*** Records to process ***

text \<open>If z maximises the t_n-exponent over the support of Q, the monomial
  t^(top_exp + z) of A Q arises only from the leading monomial t^top_exp of A.\<close>
lemma gmult_Apoly_nonzero_at_top:
  assumes fin: "finite (gsupp Q)" and z0: "z0 \<in> gsupp Q" "0 \<le> z0 n" and n: "n \<in> nodes adj"
  obtains x where "top_exp n \<le> x n" "gmult (Apoly adj e lam) Q x \<noteq> 0"
proof -
  define M where "M = Max ((\<lambda>z. z n) ` gsupp Q)"
  have M_ge: "z' \<in> gsupp Q \<Longrightarrow> z' n \<le> M" for z' unfolding M_def using fin by auto
  have "M \<in> (\<lambda>z. z n) ` gsupp Q" unfolding M_def using fin z0(1) by (intro Max_in) auto
  then obtain z where z: "z \<in> gsupp Q" "z n = M" by blast
  define x where "x = (\<lambda>u. top_exp u + z u)"
  have others: "Apoly adj e lam y * Q (\<lambda>v. x v - y v) = 0"
    if "y \<in> gsupp (Apoly adj e lam) - {top_exp}" for y
  proof -
    have "y n < top_exp n" using Apoly_exponent_le_top_exp[of y n] that n by force
    then have "(\<lambda>v. x v - y v) \<notin> gsupp Q" using M_ge z(2) unfolding x_def by force
    then show ?thesis unfolding gsupp_def by simp
  qed
  have top: "top_exp \<in> gsupp (Apoly adj e lam)" using Apoly_top_exp unfolding gsupp_def by simp
  have "gmult (Apoly adj e lam) Q x = Apoly adj e lam top_exp * Q z
      + (\<Sum>y\<in>gsupp (Apoly adj e lam) - {top_exp}. Apoly adj e lam y * Q (\<lambda>v. x v - y v))"
    unfolding gmult_def x_def by (simp add: sum.remove[OF finite_gsupp_Apoly top])
  also have "(\<Sum>y\<in>gsupp (Apoly adj e lam) - {top_exp}. Apoly adj e lam y * Q (\<lambda>v. x v - y v)) = 0"
    by (rule sum.neutral) (use others in blast)
  finally have "gmult (Apoly adj e lam) Q x = Apoly adj e lam top_exp * Q z" by simp
  then have "gmult (Apoly adj e lam) Q x \<noteq> 0"
    using Apoly_top_exp z(1) unfolding gsupp_def by simp
  moreover have "top_exp n \<le> x n" using M_ge[OF z0(1)] z0(2) z(2) unfolding x_def by simp
  ultimately show thesis using that by blast
qed

text \<open>P and its nonnegative part differ only by monomials with negative t_n-exponent,
  and multiplying them by A keeps the t_n-exponent below that of the leading monomial.\<close>
lemma neg_deg_nonneg_part:
  assumes P_neg: "neg_deg adj e lam (num_minus adj e lam R P) n" and "n \<in> K" "n \<in> nodes adj"
  shows "neg_deg adj e lam (num_minus adj e lam R (nonneg_part P K)) n"
  unfolding neg_deg_def
proof (rule ballI, rule ccontr)
  fix x assume x: "x \<in> gsupp (num_minus adj e lam R (nonneg_part P K))" "\<not> x n < top_exp n"
  have "gmult (Apoly adj e lam) (\<lambda>z. P z - nonneg_part P K z) x = 0"
    unfolding gmult_def
  proof (rule sum.neutral, rule ballI)
    fix y assume "y \<in> gsupp (Apoly adj e lam)"
    then have "0 \<le> x n - y n" using Apoly_exponent_le_top_exp(1)[of y n] x(2) \<open>n \<in> nodes adj\<close> by simp
    then show "Apoly adj e lam y * (P (\<lambda>v. x v - y v) - nonneg_part P K (\<lambda>v. x v - y v)) = 0"
      unfolding nonneg_part_def using \<open>n \<in> K\<close> by auto
  qed
  moreover have "num_minus adj e lam R P x = 0"
    using neg_deg_coeff_eq_0[where x=x, OF P_neg] x(2) by simp
  ultimately have "num_minus adj e lam R (nonneg_part P K) x = 0"
    unfolding num_minus_def using gmult_diff[of "Apoly adj e lam" P x "nonneg_part P K"] by simp
  then show False using x(1) unfolding gsupp_def by simp
qed

lemma nonneg_part_unique:
  assumes P_neg: "\<forall>n\<in>K. neg_deg adj e lam (num_minus adj e lam R P) n"
    and K: "K \<subseteq> nodes adj" and P: "in_tN (nodes adj) P"
    and Q: "in_tN (nodes adj) Q" "\<forall>x\<in>gsupp Q. \<exists>n\<in>K. 0 \<le> x n"
      "\<forall>n\<in>K. neg_deg adj e lam (num_minus adj e lam R Q) n"
  shows "Q = nonneg_part P K"
proof (rule ccontr)
  assume "Q \<noteq> nonneg_part P K"
  define D where "D = (\<lambda>z. Q z - nonneg_part P K z)"
  obtain z0 where "Q z0 \<noteq> nonneg_part P K z0"
    using \<open>Q \<noteq> nonneg_part P K\<close> by (auto simp: fun_eq_iff)
  then have z0: "z0 \<in> gsupp D" unfolding D_def gsupp_def by simp
  have supp: "gsupp D \<subseteq> gsupp Q \<union> gsupp (nonneg_part P K)" unfolding D_def gsupp_def by auto
  have fin: "finite (gsupp D)"
    using finite_subset[OF supp] Q(1) in_tN_nonneg_part[OF P] unfolding in_tN_def by blast
  have "z0 \<in> gsupp Q \<or> z0 \<in> gsupp (nonneg_part P K)" using supp z0 by blast
  then obtain n where n: "n \<in> K" "0 \<le> z0 n"
    using Q(2) gsupp_nonneg_part[of z0 P K] by blast
  have n_node: "n \<in> nodes adj" using n(1) K by blast
  obtain x where x: "top_exp n \<le> x n" "gmult (Apoly adj e lam) D x \<noteq> 0"
    using gmult_Apoly_nonzero_at_top[OF fin z0 n(2) n_node] .
  have "num_minus adj e lam R Q x = 0"
    using neg_deg_coeff_eq_0[where x=x, OF Q(3)[rule_format, OF n(1)] x(1)] .
  moreover have "num_minus adj e lam R (nonneg_part P K) x = 0"
    using neg_deg_coeff_eq_0[where x=x,
        OF neg_deg_nonneg_part[OF P_neg[rule_format, OF n(1)] n(1) n_node] x(1)] .
  ultimately show False
    using x(2) gmult_diff[of "Apoly adj e lam" Q x "nonneg_part P K"]
    unfolding D_def num_minus_def by simp
qed

lemma Pedge_eq_nonneg_part:
  assumes P: "in_tN (nodes adj) P"
    and P_neg: "\<forall>n\<in>nodes adj. neg_deg adj e lam (num_minus adj e lam R P) n"
    and K: "K \<subseteq> nodes adj"
  shows "Pedge adj e lam R K = nonneg_part P K"
  unfolding Pedge_def
proof (rule the_equality)
  have "\<forall>n\<in>K. neg_deg adj e lam (num_minus adj e lam R (nonneg_part P K)) n"
    using neg_deg_nonneg_part P_neg K by blast
  then show "in_tN (nodes adj) (nonneg_part P K) \<and> (\<forall>x\<in>gsupp (nonneg_part P K). \<exists>n\<in>K. 0 \<le> x n)
      \<and> (\<forall>n\<in>K. neg_deg adj e lam (num_minus adj e lam R (nonneg_part P K)) n)"
    using in_tN_nonneg_part[OF P] gsupp_nonneg_part by blast
next
  fix Q assume "in_tN (nodes adj) Q \<and> (\<forall>x\<in>gsupp Q. \<exists>n\<in>K. 0 \<le> x n)
      \<and> (\<forall>n\<in>K. neg_deg adj e lam (num_minus adj e lam R Q) n)"
  then show "Q = nonneg_part P K"
    using nonneg_part_unique[of K R P Q] P_neg K P by blast
qed

lemma Pn_eq_nonneg_part:
  assumes "in_tN (nodes adj) P" "\<forall>n\<in>nodes adj. neg_deg adj e lam (num_minus adj e lam R P) n"
    and "n \<in> nodes adj"
  shows "Pn adj e lam R n = nonneg_part P {n}"
  using Pedge_eq_nonneg_part[OF assms(1,2), of "{n}"] assms(3)
  unfolding Pn_def Pedge_def by simp

end

theorem mainTheorem2:
  fixes adj :: "'v::finite \<Rightarrow> 'v \<Rightarrow> bool"
    and e :: "'v \<Rightarrow> int"
    and h0 :: "'v \<Rightarrow> rat"
    and lam :: "'v \<Rightarrow> rat"
    and n0 :: 'v
    and R Pplus :: "('v \<Rightarrow> rat) \<Rightarrow> int"
  assumes tree: "is_tree adj"
    and negdef: "neg_definite (inter_mat adj e)"
    and nodes_ne: "nodes adj \<noteq> {}"
    and h0: "in_Ldual (inter_mat adj e) h0"
    and lam_pos: "\<forall>n\<in>nodes adj. lam n > 0"
    and R_fin: "finite (gsupp R)"
    and R_num: "\<forall>x. R x = gmult (Apoly adj e lam) (Zred adj e h0) x"
    and Pplus_poly: "in_tN (nodes adj) Pplus"
    and Pplus_exps: "\<forall>\<beta>\<in>gsupp Pplus. \<not> (\<forall>n\<in>nodes adj. \<beta> n < 0)"
    and Pplus_neg: "\<forall>n\<in>nodes adj. neg_deg adj e lam (num_minus adj e lam R Pplus) n"
    and n0: "n0 \<in> nodes adj"
  shows "\<forall>\<beta>. Ppart adj e lam R \<beta> = mult_s adj n0 \<beta> * Pplus \<beta>"
proof
  fix \<beta> :: "'v \<Rightarrow> rat"
  interpret node_rooted_tree adj n0 using tree n0 by unfold_locales
  note pos = avec_pos[OF tree negdef lam_pos]
  define ind where "ind n = (if 0 \<le> \<beta> n then 1 else 0 :: int)" for n
  have "Pn adj e lam R n \<beta> = ind n * Pplus \<beta>" if "n \<in> nodes adj" for n
    using Pn_eq_nonneg_part[OF pos Pplus_poly Pplus_neg that] by (simp add: nonneg_part_def ind_def)
  moreover have "Pedge adj e lam R ed \<beta> = (if \<exists>n\<in>ed. 0 \<le> \<beta> n then 1 else 0) * Pplus \<beta>"
    if "ed \<in> orb_edges adj" for ed
    using that Pedge_eq_nonneg_part[OF pos Pplus_poly Pplus_neg, of ed] orb_parent_node
    by (auto simp: orb_edges_eq nonneg_part_def)
  ultimately have "Ppart adj e lam R \<beta>
      = ((\<Sum>ed\<in>orb_edges adj. if \<exists>n\<in>ed. 0 \<le> \<beta> n then 1 else 0)
        - (\<Sum>n\<in>nodes adj. (int (orb_valency adj n) - 1) * ind n)) * Pplus \<beta>"
    unfolding Ppart_def by (simp add: sum_distrib_right left_diff_distrib mult.assoc)
  then show "Ppart adj e lam R \<beta> = mult_s adj n0 \<beta> * Pplus \<beta>"
    using mult_s_eq_edge_count[of \<beta>] unfolding ind_def by simp
qed
lemma arctan_moment_le:
  fixes f :: "real \<Rightarrow> real measure"
  assumes "0 < \<omega>" "\<omega> < 1" "0 \<le> P" "0 < D" "t \<in> {0..T}"
    and sets_f: "\<And>s. s \<in> {0..T} \<Longrightarrow> sets (f s) = sets borel"
    and prob_f: "\<And>s. s \<in> {0..T} \<Longrightarrow> emeasure (f s) UNIV = 1"
    and weak: "\<And>\<psi> s. Cb1 \<psi> \<Longrightarrow> s \<in> {0..T} \<Longrightarrow>
      (\<integral>x. \<psi> x \<partial>f s) = \<psi> A +
        (LBINT r=0..s. (\<integral>x. (LBINT y:{0<..}. P / y powr (1 + \<omega>) * (\<psi> (x - y) - \<psi> x)) \<partial>f r))"
  shows "(\<integral>x. arctan ((A - x) / D) \<partial>f t) \<le> P * (1 / (1 - \<omega>) + pi / \<omega>) / D powr \<omega> * t"
proof -
  define \<psi> where "\<psi> x = arctan ((A - x) / D)" for x
  define B where "B = P * (1 / (1 - \<omega>) + pi / \<omega>) / D powr \<omega>"
  have lip: "\<bar>\<psi> a - \<psi> b\<bar> \<le> \<bar>a - b\<bar> / D" for a b
  proof -
    have "\<bar>\<psi> a - \<psi> b\<bar> \<le> \<bar>(A - a) / D - (A - b) / D\<bar>"
      unfolding \<psi>_def by (rule abs_arctan_diff_le)
    also have "\<dots> = \<bar>a - b\<bar> / D"
      using \<open>0 < D\<close> by (simp add: diff_divide_distrib[symmetric] abs_minus_commute)
    finally show ?thesis .
  qed
  have osc: "\<bar>\<psi> a - \<psi> b\<bar> \<le> pi" for a b
    using arctan_bounded[of "(A - a) / D"] arctan_bounded[of "(A - b) / D"] unfolding \<psi>_def by linarith
  have "\<bar>LBINT r=0..t. (\<integral>x. (LBINT y:{0<..}. P / y powr (1 + \<omega>) * (\<psi> (x - y) - \<psi> x)) \<partial>f r)\<bar> \<le> B * t"
  proof (rule abs_interval_integral_le)
    show "0 \<le> t" using \<open>t \<in> {0..T}\<close> by simp
  next
    fix r assume "r \<in> {0..t}"
    then have "r \<in> {0..T}" using \<open>t \<in> {0..T}\<close> by auto
    then have "space (f r) = UNIV" "emeasure (f r) (space (f r)) = 1"
      using sets_eq_imp_space_eq[OF sets_f] prob_f by auto
    then show "\<bar>\<integral>x. (LBINT y:{0<..}. P / y powr (1 + \<omega>) * (\<psi> (x - y) - \<psi> x)) \<partial>f r\<bar> \<le> B"
      using abs_jump_integral_le[OF \<open>0 < D\<close> \<open>0 < \<omega>\<close> \<open>\<omega> < 1\<close> \<open>0 \<le> P\<close> _ lip osc]
      by (intro abs_integral_le_const) (auto simp: B_def)
  qed
  moreover have "\<psi> A = 0" by (simp add: \<psi>_def)
  ultimately show ?thesis
    using weak[OF Cb1_arctan_affine[OF \<open>0 < D\<close>, of A] \<open>t \<in> {0..T}\<close>] unfolding \<psi>_def B_def by linarith
qed
lemma sum_degree_le_if_common_neighbourhoods_small:
  fixes R :: "'v \<Rightarrow> 'w set \<Rightarrow> bool"
  assumes V1: "finite V1" and V2: "finite V2" "card V2 \<ge> 1"
    and k: "k \<ge> 1" and a: "a \<ge> 1" and A: "A \<ge> 0"
    and common: "\<And>S. S \<subseteq> V1 \<Longrightarrow> card S = a \<Longrightarrow>
      real (card {T. T \<subseteq> V2 \<and> card T = k \<and> (\<forall>v\<in>S. R v T)})
        \<le> A / real k * real (card V2) powr (real k - 1 / P)"
  shows "real (\<Sum>T | T \<subseteq> V2 \<and> card T = k. card {v\<in>V1. R v T})
    \<le> (real a - 1) * real (card V2 choose k)
      + A powr (1 / real a) / real k * real (card V1) * real (card V2) powr (real k - 1 / (real a * P))"
proof -
  define I where "I = {T. T \<subseteq> V2 \<and> card T = k}"
  define n where "n = real (card V2)"
  define E where "E = A / real k * n powr (real k - 1 / P)"
  have I: "finite I" "card I = card V2 choose k"
    using V2 n_subsets[of V2 k] by (simp_all add: I_def)
  have E: "E \<ge> 0"
    using A by (simp add: E_def)
  have "{T\<in>I. \<forall>v\<in>S. R v T} = {T. T \<subseteq> V2 \<and> card T = k \<and> (\<forall>v\<in>S. R v T)}" for S
    by (auto simp: I_def)
  then have "(\<Sum>T\<in>I. real (card {v\<in>V1. R v T} choose a)) \<le> real (card V1 choose a) * E"
    using common by (intro sum_choose_card_le_if_common_le[OF V1 I(1)]) (simp add: E_def n_def)
  then have "real (\<Sum>T\<in>I. card {v\<in>V1. R v T})
      \<le> (real a - 1) * real (card I) + real (card I) powr (1 - 1 / real a) * real (card V1) * E powr (1 / real a)"
    by (rule sum_le_if_sum_choose_le[OF I(1) a E])
  also have "real (card I) powr (1 - 1 / real a) * real (card V1) * E powr (1 / real a)
      \<le> A powr (1 / real a) / real k * real (card V1) * n powr (real k - 1 / (real a * P))"
  proof -
    have "real (card I) \<le> n ^ k / real k"
      using I(2) choose_le_power_div[OF k] by (simp add: n_def)
    then have "real (card I) powr (1 - 1 / real a) * E powr (1 / real a)
        \<le> A powr (1 / real a) / real k * n powr (real k - 1 / (real a * P))"
      unfolding E_def using V2 k a A by (intro kst_powr_bound) (auto simp: n_def)
    from mult_right_mono[OF this, of "real (card V1)"] show ?thesis
      by (simp add: mult_ac)
  qed
  finally show ?thesis
    using I(2) unfolding I_def n_def by simp
qed
definition pinj :: "nat \<Rightarrow> (nat \<rightharpoonup> nat) \<Rightarrow> bool" where
  "pinj n f \<longleftrightarrow> dom f \<subseteq> {1..n} \<and> ran f \<subseteq> {1..n} \<and> inj_on f (dom f)"

definition symInv :: "nat \<Rightarrow> (nat \<rightharpoonup> nat) set" where
  "symInv n = {f. pinj n f}"

definition symGrp :: "nat \<Rightarrow> (nat \<rightharpoonup> nat) set" where
  "symGrp n = {f \<in> symInv n. dom f = {1..n} \<and> ran f = {1..n}}"

text \<open>Composition with maps written on the right: x(f g) = (x f) g.\<close>
definition pmul :: "(nat \<rightharpoonup> nat) \<Rightarrow> (nat \<rightharpoonup> nat) \<Rightarrow> (nat \<rightharpoonup> nat)" where
  "pmul f g = g \<circ>\<^sub>m f"

definition subsemigroup_of :: "(nat \<rightharpoonup> nat) set \<Rightarrow> (nat \<rightharpoonup> nat) set \<Rightarrow> bool" where
  "subsemigroup_of S T \<longleftrightarrow> S \<subseteq> T \<and> (\<forall>f\<in>S. \<forall>g\<in>S. pmul f g \<in> S)"

definition semitransitive :: "nat \<Rightarrow> (nat \<rightharpoonup> nat) set \<Rightarrow> bool" where
  "semitransitive n S \<longleftrightarrow>
     (\<forall>x\<in>{1..n}. \<forall>y\<in>{1..n}. \<exists>f\<in>S. f x = Some y \<or> f y = Some x)"

definition nonzero_idempotents :: "(nat \<rightharpoonup> nat) set \<Rightarrow> (nat \<rightharpoonup> nat) set" where
  "nonzero_idempotents S = {e \<in> S. pmul e e = e \<and> e \<noteq> Map.empty}"

end

theory Submission
  imports Defs
begin

(*
  Idempotents of I_n are partial identities pid A, so the statement is about the family
  of sets A with pid A in S, called idem_domains below.  The proof has three ingredients.

  (1) Every element s of the finite semigroup S has an idempotent power, a partial identity
      on a subset of dom s that contains every fixed point of s.  Hence the idempotent domains
      cover X = {1..n} (apply this to an s fixing a given point, which exists by
      semitransitivity), none of them is X itself (S avoids S_n), and an idempotent of
      minimal rank forces the empty map into S.
  (2) Counting: if pid A and pid F lie in S, A is nonempty, F is not contained in A and
      A \<union> F \<noteq> X, then X splits into three nonempty blocks B1 = A, B2 = F - A,
      B3 = X - (A \<union> F).  Restricting elements of S by pid A and pid F produces six
      pairwise disjoint families of non-zero elements of S, of sizes at least
      |B1|, |B2|, |B3| ("loops" inside a block) and |B1|, |B3|, |B2| ("links" between two
      blocks); together with the empty map this gives |S| \<ge> 2n + 1.
  (3) So if |S| \<le> 2n, any two idempotent domains are either nested or cover X; since
      domains are closed under non-empty intersection, distinct ones are complementary,
      and the covering property yields exactly two of them.
*)

definition pid :: "nat set \<Rightarrow> (nat \<rightharpoonup> nat)" where
  "pid A = (\<lambda>t. if t \<in> A then Some t else None)"

definition has_arrow :: "(nat \<rightharpoonup> nat) \<Rightarrow> nat set \<Rightarrow> nat set \<Rightarrow> bool" where
  "has_arrow s P Q \<longleftrightarrow> (\<exists>a\<in>P. \<exists>b\<in>Q. s a = Some b)"

text \<open>An arrow from \<open>P\<close> to \<open>Q\<close> witnesses that the domain meets \<open>P\<close> and the range meets \<open>Q\<close>;
  this reduces all disjointness arguments below to reasoning about sets.\<close>

lemma arrow_meets: "has_arrow s P Q \<Longrightarrow> dom s \<inter> P \<noteq> {} \<and> ran s \<inter> Q \<noteq> {}"
  unfolding has_arrow_def by (blast intro: ranI)

lemma pmul_apply: "pmul f g x = (case f x of None \<Rightarrow> None | Some y \<Rightarrow> g y)"
  by (simp add: pmul_def map_comp_def)

lemma pmul_Some: "f x = Some y \<Longrightarrow> pmul f g x = g y"
  by (simp add: pmul_apply)

lemma dom_pmul: "dom (pmul f g) \<subseteq> dom f"
  by (auto simp: pmul_apply split: option.splits)

lemma ran_pmul: "ran (pmul f g) \<subseteq> ran g"
  by (auto simp: pmul_apply ran_def split: option.splits)

lemma pmul_assoc: "pmul (pmul f g) h = pmul f (pmul g h)"
  by (rule ext) (simp add: pmul_apply split: option.splits)

lemma dom_pid [simp]: "dom (pid A) = A"
  by (auto simp: pid_def dom_def)

lemma ran_pid [simp]: "ran (pid A) = A"
  by (auto simp: pid_def ran_def)

lemma pid_pmul_pid: "pmul (pid A) (pid B) = pid (A \<inter> B)"
  by (rule ext) (simp add: pmul_apply pid_def)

*** End of Records to process ***

Task description » The lines above, from the first through the one containing "using Apoly_top_exp z(1)", must be restated word for word, with nothing added.

Exercise result »
text \<open>If z maximises the t_n-exponent over the support of Q, the monomial
  t^(top_exp + z) of A Q arises only from the leading monomial t^top_exp of A.\<close>
lemma gmult_Apoly_nonzero_at_top:
  assumes fin: "finite (gsupp Q)" and z0: "z0 \<in> gsupp Q" "0 \<le> z0 n" and n: "n \<in> nodes adj"
  obtains x where "top_exp n \<le> x n" "gmult (Apoly adj e lam) Q x \<noteq> 0"
proof -
  define M where "M = Max ((\<lambda>z. z n) ` gsupp Q)"
  have M_ge: "z' \<in> gsupp Q \<Longrightarrow> z' n \<le> M" for z' unfolding M_def using fin by auto
  have "M \<in> (\<lambda>z. z n) ` gsupp Q" unfolding M_def using fin z0(1) by (intro Max_in) auto
  then obtain z where z: "z \<in> gsupp Q" "z n = M" by blast
  define x where "x = (\<lambda>u. top_exp u + z u)"
  have others: "Apoly adj e lam y * Q (\<lambda>v. x v - y v) = 0"
    if "y \<in> gsupp (Apoly adj e lam) - {top_exp}" for y
  proof -
    have "y n < top_exp n" using Apoly_exponent_le_top_exp[of y n] that n by force
    then have "(\<lambda>v. x v - y v) \<notin> gsupp Q" using M_ge z(2) unfolding x_def by force
    then show ?thesis unfolding gsupp_def by simp
  qed
  have top: "top_exp \<in> gsupp (Apoly adj e lam)" using Apoly_top_exp unfolding gsupp_def by simp
  have "gmult (Apoly adj e lam) Q x = Apoly adj e lam top_exp * Q z
      + (\<Sum>y\<in>gsupp (Apoly adj e lam) - {top_exp}. Apoly adj e lam y * Q (\<lambda>v. x v - y v))"
    unfolding gmult_def x_def by (simp add: sum.remove[OF finite_gsupp_Apoly top])
  also have "(\<Sum>y\<in>gsupp (Apoly adj e lam) - {top_exp}. Apoly adj e lam y * Q (\<lambda>v. x v - y v)) = 0"
    by (rule sum.neutral) (use others in blast)
  finally have "gmult (Apoly adj e lam) Q x = Apoly adj e lam top_exp * Q z" by simp
  then have "gmult (Apoly adj e lam) Q x \<noteq> 0"
    using Apoly_top_exp z(1) unfolding gsupp_def by simp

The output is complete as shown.